> To do:
From the data below, set down exactly the lines between the one holding "fixes p e :: real" and the one holding "M - k) * real k))", inclusive, and no others.

________________

lemma phi_cdv:
  assumes "0 < n" "0 \<le> \<epsilon>"
  shows "phi \<kappa> S n \<epsilon> (cdv \<kappa> n G) = \<epsilon> ^ (n - card (col_preimage \<kappa> n G S))"
proof -
  let ?N = "card (col_preimage \<kappa> n G S)"
  have "?N \<le> n"
    using card_mono[of "{..<n}" "col_preimage \<kappa> n G S"] by (auto simp: col_preimage_def)
  then have e: "real n * (1 - zeta \<kappa> S (cdv \<kappa> n G)) = real (n - ?N)"
    using assms(1) by (simp add: zeta_cdv field_simps)
  show ?thesis
  proof (cases "n - ?N = 0 \<or> \<epsilon> = 0")
    case False
    then have "\<epsilon> powr real (n - ?N) = \<epsilon> ^ (n - ?N)"
      using assms(2) by (intro powr_realpow) auto
    then show ?thesis using False unfolding phi_def Let_def e by simp
  qed (auto simp: phi_def Let_def e)
qed

section \<open>Expected rank deficiency\<close>

lemma sum_weighted_card_swap:
  fixes w :: "'a \<Rightarrow> real"
  assumes "finite A" "finite B"
  shows "(\<Sum>x\<in>A. w x * real (card {y \<in> B. P x y})) = (\<Sum>y\<in>B. \<Sum>x\<in>{x \<in> A. P x y}. w x)"
proof -
  have "(\<Sum>x\<in>A. w x * real (card {y \<in> B. P x y})) = (\<Sum>x\<in>A. \<Sum>y\<in>{y \<in> B. P x y}. w x)"
    by (simp add: mult.commute)
  also have "\<dots> = (\<Sum>y\<in>B. \<Sum>x\<in>{x \<in> A. P x y}. w x)"
    using sum.swap_restrict[OF assms, of "\<lambda>x y. w x" P] by simp
  finally show ?thesis .
qed

lemma weighted_rank_deficiency:
  fixes w :: "nat set \<Rightarrow> real"
  assumes "finite \<R>" "\<R> \<subseteq> Pow {..<n}"
  shows "(\<Sum>R\<in>\<R>. w R * (real \<kappa> - real (rankR \<kappa> G R)))
       = (\<Sum>\<delta>=1..\<kappa>. Kc \<delta> * (\<Sum>S\<in>Xi (Wsp \<kappa>) (\<kappa> - \<delta>).
            \<Sum>R\<in>{R \<in> \<R>. R \<subseteq> col_preimage \<kappa> n G S}. w R))"
proof -
  let ?X = "\<lambda>\<delta>. Xi (Wsp \<kappa>) (\<kappa> - \<delta>)"
  have expand: "real \<kappa> - real (rankR \<kappa> G R)
      = (\<Sum>\<delta>=1..\<kappa>. Kc \<delta> * real (card {S \<in> ?X \<delta>. col \<kappa> G ` R \<subseteq> S}))" for R
    unfolding rankR_def by (rule rank_deficiency_expansion) (use col_in_Wsp in auto)
  have preimage: "{R \<in> \<R>. col \<kappa> G ` R \<subseteq> S} = {R \<in> \<R>. R \<subseteq> col_preimage \<kappa> n G S}" for S
    using assms(2) by (auto simp: col_preimage_def)
  have "(\<Sum>R\<in>\<R>. w R * (real \<kappa> - real (rankR \<kappa> G R)))
      = (\<Sum>\<delta>=1..\<kappa>. Kc \<delta> * (\<Sum>R\<in>\<R>. w R * real (card {S \<in> ?X \<delta>. col \<kappa> G ` R \<subseteq> S})))"
    unfolding expand by (simp add: sum_distrib_left sum.swap[of _ \<R>] mult_ac)
  also have "\<dots> = (\<Sum>\<delta>=1..\<kappa>. Kc \<delta> * (\<Sum>S\<in>?X \<delta>. \<Sum>R\<in>{R \<in> \<R>. col \<kappa> G ` R \<subseteq> S}. w R))"
  proof (rule sum.cong[OF refl])
    fix \<delta>
    have "finite (?X \<delta>)" unfolding Xi_Wsp_eq by (rule finite_Wsubspaces)
    then show "Kc \<delta> * (\<Sum>R\<in>\<R>. w R * real (card {S \<in> ?X \<delta>. col \<kappa> G ` R \<subseteq> S}))
        = Kc \<delta> * (\<Sum>S\<in>?X \<delta>. \<Sum>R\<in>{R \<in> \<R>. col \<kappa> G ` R \<subseteq> S}. w R)"
      by (simp only: sum_weighted_card_swap[OF assms(1)])
  qed
  finally show ?thesis unfolding preimage .
qed

lemma sum_Pow_card:
  fixes f :: "nat \<Rightarrow> real"
  assumes "finite A"
  shows "(\<Sum>R\<in>Pow A. f (card R)) = (\<Sum>k\<le>card A. real (card A choose k) * f k)"
proof -
  have "(\<Sum>R\<in>Pow A. f (card R)) = (\<Sum>k\<le>card A. \<Sum>R\<in>{R \<in> Pow A. card R = k}. f (card R))"
    by (rule sum.group[symmetric]) (use assms in \<open>auto simp: card_mono\<close>)
  also have "\<dots> = (\<Sum>k\<le>card A. real (card A choose k) * f k)"
  proof (rule sum.cong[OF refl])
    fix k
    have "{R \<in> Pow A. card R = k} = {R. R \<subseteq> A \<and> card R = k}" by auto
    then show "(\<Sum>R\<in>{R \<in> Pow A. card R = k}. f (card R)) = real (card A choose k) * f k"
      using n_subsets[OF assms, of k] by simp
  qed
  finally show ?thesis .
qed

lemma sum_Pow_binomial_weights:
  fixes \<epsilon> :: real
  assumes "finite A" "card A \<le> n"
  shows "(\<Sum>R\<in>Pow A. (1 - \<epsilon>) ^ card R * \<epsilon> ^ (n - card R)) = \<epsilon> ^ (n - card A)"
proof -
  have "(\<Sum>R\<in>Pow A. (1 - \<epsilon>) ^ card R * \<epsilon> ^ (n - card R))
      = (\<Sum>k\<le>card A. real (card A choose k) * ((1 - \<epsilon>) ^ k * \<epsilon> ^ (n - k)))"
    by (rule sum_Pow_card[OF assms(1)])
  also have "\<dots> = (\<Sum>k\<le>card A. \<epsilon> ^ (n - card A) * (real (card A choose k) * (1 - \<epsilon>) ^ k * \<epsilon> ^ (card A - k)))"
  proof (rule sum.cong[OF refl])
    fix k assume "k \<in> {..card A}"
    then have "n - k = (n - card A) + (card A - k)" using assms by auto
    then show "real (card A choose k) * ((1 - \<epsilon>) ^ k * \<epsilon> ^ (n - k))
        = \<epsilon> ^ (n - card A) * (real (card A choose k) * (1 - \<epsilon>) ^ k * \<epsilon> ^ (card A - k))"
      by (simp add: power_add mult_ac)
  qed
  also have "\<dots> = \<epsilon> ^ (n - card A)"
    by (simp add: sum_distrib_left[symmetric] binomial_ring[symmetric])
  finally show ?thesis .
qed

lemma sum_binomial_weights_card:
  fixes p e :: real
  shows "(\<Sum>k\<le>N. real (N choose k) * (p ^ k * e ^ (N - k) * real k)) = real N * p * (p + e) ^ (N - 1)"
proof (cases N)
  case (Suc M)
  have "(\<Sum>k\<le>Suc M. real (Suc M choose k) * (p ^ k * e ^ (Suc M - k) * real k))
      = (\<Sum>k\<le>M. real (Suc M choose Suc k) * (p ^ Suc k * e ^ (Suc M - Suc k) * real (Suc k)))"
    by (subst sum.atMost_Suc_shift) simp
  also have "\<dots> = (\<Sum>k\<le>M. real (Suc M) * p * (real (M choose k) * (p ^ k * e ^ (M - k))))"
  proof (rule sum.cong[OF refl])
    fix k
    have "real (Suc M choose Suc k) * real (Suc k) = real (Suc M) * real (M choose k)"
      using Suc_times_binomial_eq[of M k] by (metis of_nat_mult)
    moreover have "real (Suc M choose Suc k) * (p ^ Suc k * e ^ (Suc M - Suc k) * real (Suc k))
        = (real (Suc M choose Suc k) * real (Suc k)) * (p * (p ^ k * e ^ (M - k)))"
      by (simp only: power_Suc diff_Suc_Suc mult_ac)
    ultimately show "real (Suc M choose Suc k) * (p ^ Suc k * e ^ (Suc M - Suc k) * real (Suc k))
        = real (Suc M) * p * (real (M choose k) * (p ^ k * e ^ (M - k)))"
      by (simp only: mult_ac)
  qed
  also have "\<dots> = real (Suc M) * p * (p + e) ^ M"
  proof -
    have "(\<Sum>k\<le>M. real (M choose k) * (p ^ k * e ^ (M - k))) = (p + e) ^ M"
      by (simp add: binomial_ring mult_ac)
    then show ?thesis by (simp add: sum_distrib_left[symmetric])
  qed
  finally show ?thesis using Suc by simp
qed simp

lemma sum_rank_deficiency_card_subsets:
  "(\<Sum>R | R \<subseteq> {..<n} \<and> card R = \<mu>. real (card R) - real (rankR \<kappa> G R))
     = real (n choose \<mu>) * (real \<mu> - real \<kappa>) + (\<Sum>\<delta>=1..\<kappa>. Kc \<delta> *
         (\<Sum>S\<in>Xi (Wsp \<kappa>) (\<kappa> - \<delta>). real (card (col_preimage \<kappa> n G S) choose \<mu>)))"
proof -
  define \<R> where "\<R> = {R. R \<subseteq> {..<n} \<and> card R = \<mu>}"
  have fin: "finite \<R>" and sub: "\<R> \<subseteq> Pow {..<n}"
    unfolding \<R>_def by (auto intro: finite_subset[of _ "Pow {..<n}"])
  have "{R \<in> \<R>. R \<subseteq> col_preimage \<kappa> n G S} = {R. R \<subseteq> col_preimage \<kappa> n G S \<and> card R = \<mu>}" for S
    by (auto simp: \<R>_def col_preimage_def)
  then have "card {R \<in> \<R>. R \<subseteq> col_preimage \<kappa> n G S} = card (col_preimage \<kappa> n G S) choose \<mu>" for S
    by (simp add: n_subsets col_preimage_def)
  then have deficiency: "(\<Sum>R\<in>\<R>. real \<kappa> - real (rankR \<kappa> G R))
      = (\<Sum>\<delta>=1..\<kappa>. Kc \<delta> * (\<Sum>S\<in>Xi (Wsp \<kappa>) (\<kappa> - \<delta>). real (card (col_preimage \<kappa> n G S) choose \<mu>)))"
    using weighted_rank_deficiency[OF fin sub, of "\<lambda>_. 1"] by simp
  have "(\<Sum>R\<in>\<R>. real (card R) - real (rankR \<kappa> G R))
      = (\<Sum>R\<in>\<R>. (real \<mu> - real \<kappa>) + (real \<kappa> - real (rankR \<kappa> G R)))"
    by (rule sum.cong) (auto simp: \<R>_def)
  also have "\<dots> = real (card \<R>) * (real \<mu> - real \<kappa>)
      + (\<Sum>\<delta>=1..\<kappa>. Kc \<delta> * (\<Sum>S\<in>Xi (Wsp \<kappa>) (\<kappa> - \<delta>). real (card (col_preimage \<kappa> n G S) choose \<mu>)))"
    by (simp only: sum.distrib sum_constant deficiency)
  finally show ?thesis unfolding \<R>_def by (simp add: n_subsets)
qed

________________

> Task solution:
  fixes p e :: real
  shows "(\<Sum>k\<le>N. real (N choose k) * (p ^ k * e ^ (N - k) * real k)) = real N * p * (p + e) ^ (N - 1)"
proof (cases N)
  case (Suc M)
  have "(\<Sum>k\<le>Suc M. real (Suc M choose k) * (p ^ k * e ^ (Suc M - k) * real k))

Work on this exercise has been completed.